A Survey of Large Language Models 논문 및 요약 글 소개

9bow · 4월 6, 2023, 6:50오전

지난 3월 말일, A Survey of Large Language Models 라는 이름의 논문이 arXiv에 올라왔었는데요,

언제나처럼(...) 읽을거리 큐에 넣어두고 잊고있었는데 W&B 블로그에 요약 글이 올라와서 힘을 모아 함께 읽어보고자(...) 올려봅니다 ㅎㅎㅎ

전체 글은 아래 링크에서 보실 수 있고, Intro 부분만 DeepL로 살짝 돌려 아래 첨부하였습니다.

Intro

Language modeling (LM), the field of predicting the next words in word sequences, can be divided into 4 developmental stages:

Statisical Language Modeling (SLM): methods from the 1990s where a simple n-gram model predicts the next word based on recent context (Markov assumption)

Neural Language Models (NLM): use neural networks like RNNs, LSTMs, GRUs, word2vec

Pretrained Language Models (PLM): ELMo, BERT, BART, GPT-2

Large Language Models (LLM): larger PLMs like GPT-4, ChatGPT, PaLM, Sparrow, Claude, Microsoft 365's AI, etc

소개

단어 시퀀스에서 다음 단어를 예측하는 분야인 언어 모델링(LM)은 크게 4가지 발전 단계로 나눌 수 있습니다:

통계적 언어 모델링(SLM): 1990년대부터 사용된 방법으로, 간단한 n-그램 모델이 최근 문맥을 기반으로 다음 단어를 예측합니다(마르코프 가정).

신경망 언어 모델(NLM): RNN, LSTM, GRU, word2vec과 같은 신경망을 사용합니다.

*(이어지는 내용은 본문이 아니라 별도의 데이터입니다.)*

lemma bcoef_g_lipschitz:
  assumes g: "\<And>a b. \<bar>g a - g b\<bar> \<le> E * \<bar>a - b\<bar>" and E: "0 \<le> E"
    and close: "\<And>j. \<bar>x j - x' j\<bar> \<le> D"
  shows "\<bar>bcoef_g k g x j - bcoef_g k g x' j\<bar> \<le> real k ^ 2 * (E * (2 * D))"
proof (cases "2 \<le> j \<and> j \<le> k")
  case True
  then have \<sigma>: "0 \<le> sigma k (j - 1)" "sigma k (j - 1) \<le> real k ^ 2"
    by (auto intro: sigma_nonneg sigma_le_square)
  have "\<bar>g (x j - x (j - 1)) - g (x' j - x' (j - 1))\<bar> \<le> E * \<bar>(x j - x (j - 1)) - (x' j - x' (j - 1))\<bar>"
    by (rule g)
  also have "\<dots> \<le> E * (2 * D)"
    using close[of j] close[of "j - 1"] E by (intro mult_left_mono) auto
  finally have "sigma k (j - 1) * \<bar>g (x j - x (j - 1)) - g (x' j - x' (j - 1))\<bar> \<le> real k ^ 2 * (E * (2 * D))"
    using \<sigma> E by (intro mult_mono) auto
  moreover have "bcoef_g k g x j - bcoef_g k g x' j = sigma k (j - 1) * (g (x j - x (j - 1)) - g (x' j - x' (j - 1)))"
    using True by (simp add: bcoef_g_def algebra_simps)
  ultimately show ?thesis using \<sigma> by (simp add: abs_mult)
next
  case False
  then have "bcoef_g k g x j = 0" "bcoef_g k g x' j = 0" by (auto simp: bcoef_g_def)
  moreover have "0 \<le> D" using close[of 0] by linarith
  ultimately show ?thesis using E by simp
qed
(* Let $X$ be any Banach space and let $Y$ be a Banach space whose unit ball has a strongly exposed point $y_0\in S_Y$. Let $E=X\oplus_1Y$. Then for every $\varepsilon>0$ there is a convex combination of slices of $B_E$ containing $0$ and of diameter at most $4\varepsilon$ (i.e., there are ccs of $B_E$ around $0$ of arbitrarily small diameter). In particular, $E$ contains no ccs Daugavet point and fails the strong diameter 2 property.
   Context: $X\oplus_1Y$ is $X\times Y$ with norm $\|(x,y)\|=\|x\|+\|y\|$. A point $y_0\in B_Y$ is strongly exposed if there is $y_0^*\in S_{Y^*}$ with $\operatorname{Re}y_0^*(y_0)=1$ such that $\|y_n-y_0\|\to0$ whenever $y_n\in B_Y$ and $\operatorname{Re}y_0^*(y_n)\to1$. A slice of $B_E$ is a non-empty set $\{u\in B_E:\operatorname{Re}f(u)>\|f\|-\delta\}$ with $f\in E^*$, $\delta>0$; a ccs of $B_E$ is $\sum_{i=1}^n\lambda_iS_i$ with $\lambda_i\in(0,1]$, $\sum\lambda_i=1$, $S_i$ slices. $u\in S_E$ is a ccs Daugavet point if $\sup_{v\in C}\|u-v\|=2$ for every ccs $C$ of $B_E$. The strong diameter 2 property means every ccs of the unit ball has diameter $2$. *)

theory Defs
  imports "HOL-Analysis.Analysis"
begin

text \<open>The l1-sum X (+)_1 Y is modelled on the product type with the explicit norm below
  (the library norm on products is the l2 one, so we do not use it).\<close>

definition norm1 :: "('a::real_normed_vector \<times> 'b::real_normed_vector) \<Rightarrow> real" where
  "norm1 u = norm (fst u) + norm (snd u)"

definition ball1 :: "('a::real_normed_vector \<times> 'b::real_normed_vector) set" where
  "ball1 = {u. norm1 u \<le> 1}"

definition dnorm1 :: "('a::real_normed_vector \<times> 'b::real_normed_vector \<Rightarrow> real) \<Rightarrow> real" where
  "dnorm1 f = (SUP u\<in>ball1. \<bar>f u\<bar>)"

definition is_slice1 :: "('a::real_normed_vector \<times> 'b::real_normed_vector) set \<Rightarrow> bool" where
  "is_slice1 S \<longleftrightarrow> (\<exists>f \<delta>. bounded_linear f \<and> \<delta> > 0 \<and>
       S = {u\<in>ball1. f u > dnorm1 f - \<delta>} \<and> S \<noteq> {})"

definition is_ccs1 :: "('a::real_normed_vector \<times> 'b::real_normed_vector) set \<Rightarrow> bool" where
  "is_ccs1 C \<longleftrightarrow> (\<exists>n::nat. \<exists>lam S. n \<ge> 1 \<and> (\<forall>i<n. 0 < lam i \<and> lam i \<le> 1 \<and> is_slice1 (S i))
       \<and> (\<Sum>i<n. lam i) = 1
       \<and> C = {(\<Sum>i<n. lam i *\<^sub>R v i) | v. \<forall>i<n. v i \<in> S i})"

definition ccs_daugavet_point1 :: "('a::real_normed_vector \<times> 'b::real_normed_vector) \<Rightarrow> bool" where
  "ccs_daugavet_point1 u \<longleftrightarrow> norm1 u = 1 \<and>
     (\<forall>C. is_ccs1 C \<longrightarrow> (SUP v\<in>C. norm1 (u - v)) = 2)"

definition diam1 :: "('a::real_normed_vector \<times> 'b::real_normed_vector) set \<Rightarrow> real" where
  "diam1 C = (SUP p\<in>C \<times> C. norm1 (fst p - snd p))"

definition SD2P1 :: "('a::real_normed_vector \<times> 'b::real_normed_vector) itself \<Rightarrow> bool" where
  "SD2P1 _ \<longleftrightarrow> (\<forall>C::('a \<times> 'b) set. is_ccs1 C \<longrightarrow> diam1 C = 2)"

definition strongly_exposed :: "'b::real_normed_vector \<Rightarrow> bool" where
  "strongly_exposed y0 \<longleftrightarrow> norm y0 \<le> 1 \<and>
     (\<exists>g::'b \<Rightarrow> real. bounded_linear g \<and> onorm g = 1 \<and> g y0 = 1 \<and>
        (\<forall>y::nat \<Rightarrow> 'b. (\<forall>n. norm (y n) \<le> 1) \<longrightarrow> (\<lambda>n. g (y n)) \<longlonglongrightarrow> 1
            \<longrightarrow> (\<lambda>n. norm (y n - y0)) \<longlonglongrightarrow> 0))"

end

theory Submission
  imports Defs
begin

text \<open>Let g strongly expose y0. The two slices of the unit ball cut out by g(snd u) > 1 - \<delta>
  and -g(snd u) > 1 - \<delta> consist of points close to (0, y0) and to (0, -y0) respectively:
  the first coordinate is small because the l1-norm leaves almost nothing for it, and the
  second one is close to \<plusminus>y0 by strong exposedness. Hence the midpoint combination of these
  two slices is a ccs containing 0 of small diameter, which rules out ccs Daugavet points
  and the strong diameter 2 property.\<close>

lemma abs_le_norm_if_onorm_eq_1:
  fixes g :: "'b::real_normed_vector \<Rightarrow> real"
  assumes "bounded_linear g" and "onorm g = 1"
  shows "\<bar>g y\<bar> \<le> norm y"
  using onorm[OF assms(1), of y] assms(2) by simp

사전 학습된 언어 모델(PLM): ELMo, BERT, BART, GPT-2

대규모 언어 모델(LLM): GPT-4, ChatGPT, PaLM, Sparrow, Claude, Microsoft 365의 AI와 같은 대규모 PLM 등

Characteristics

The paper describes 3 characteristics of LLMs that differentiate them from PLMs:

surprising emergent abilities

LLMs revolutionize the way we develop and use AI algorithms

development of LLM draws no clear distinction between research and engineering

I believe this is to say, in other words, that due to the dawning newfound capabilities of LLMs, we have not just found it relevant in research but also in industry and application, demanding skills from engineers and researchers to intermingle.

특성

이 백서에서는 PLM과 차별화되는 LLM들의 3가지 특징에 대해 설명합니다:

(의도치 않게 발현된) 놀라운 기능들

LLM은 AI 알고리즘 개발 및 사용 방식을 혁신합니다.

LLM의 개발에는 연구와 엔지니어링의 구분이 명확하지 않습니다.

다시 말해, LLM의 새로운 기능으로 인해 연구뿐 아니라 산업 및 응용 분야에서도 관련성을 발견하고 엔지니어와 연구원이 서로 융합할 수 있는 기술을 요구하고 있습니다.

Uncertainties

There still exist some questions about:

why do these emergent abilities occur?

difficulties training LLMs in research as they are primarily trained in industry

the alignment problem (aligning LLM behavior with human values)

This paper covers 4 themes:

how to pre-train,

adaptation tuning for effectiveness and safety,

how to use LLMs for downstream tasks (utilization), and

evaluation (how to evaluate LLMs).

불확실성

여전히 몇 가지 의문점이 존재합니다:

어떻게 이러한 새로운 능력이 발현되었는가?

주로 산업 분야에서 교육받은 LLM을 연구 분야에서 교육하는 데 어려움

정렬 문제(LLM의 행동을 인간의 가치와 일치시키는 것)

이 백서에서는 4가지 주제를 다룹니다:

사전 훈련 방법

효과와 안전성을 위한 적응 튜닝,

다운스트림 작업(활용)에 LLM을 사용하는 방법, 그리고

평가(LLM을 평가하는 방법).

Translated with DeepL

corazzon · 4월 7, 2023, 2:12오후

친절한 요약글 감사합니다

fritzprix · 7월 1, 2023, 12:55오전

요약 감사합니다. 다만 emergent를 단순히 '새로운'이라고 옮기게 될경우 LLM의 주요한 특징으로 본다면 '대규모 Pre-training에서 의도치 않게 상겨난'이라는 매우 중요한 의미가 전달되지 않는 측면이 있습니다. 그래도 다소 간결한 형태로 줄인다면 '발현된' 정도가 적당한 표현일 것 같습니다.

9bow · 7월 2, 2023, 2:46오전

의견 감사합니다!

말씀해주신 내용을 반영하여 아래와 같이 변경하였습니다!

앞으로도 보시다가 어색하거나 잘못 번역한 부분이 있다면 알려주시기를 부탁드립니다!!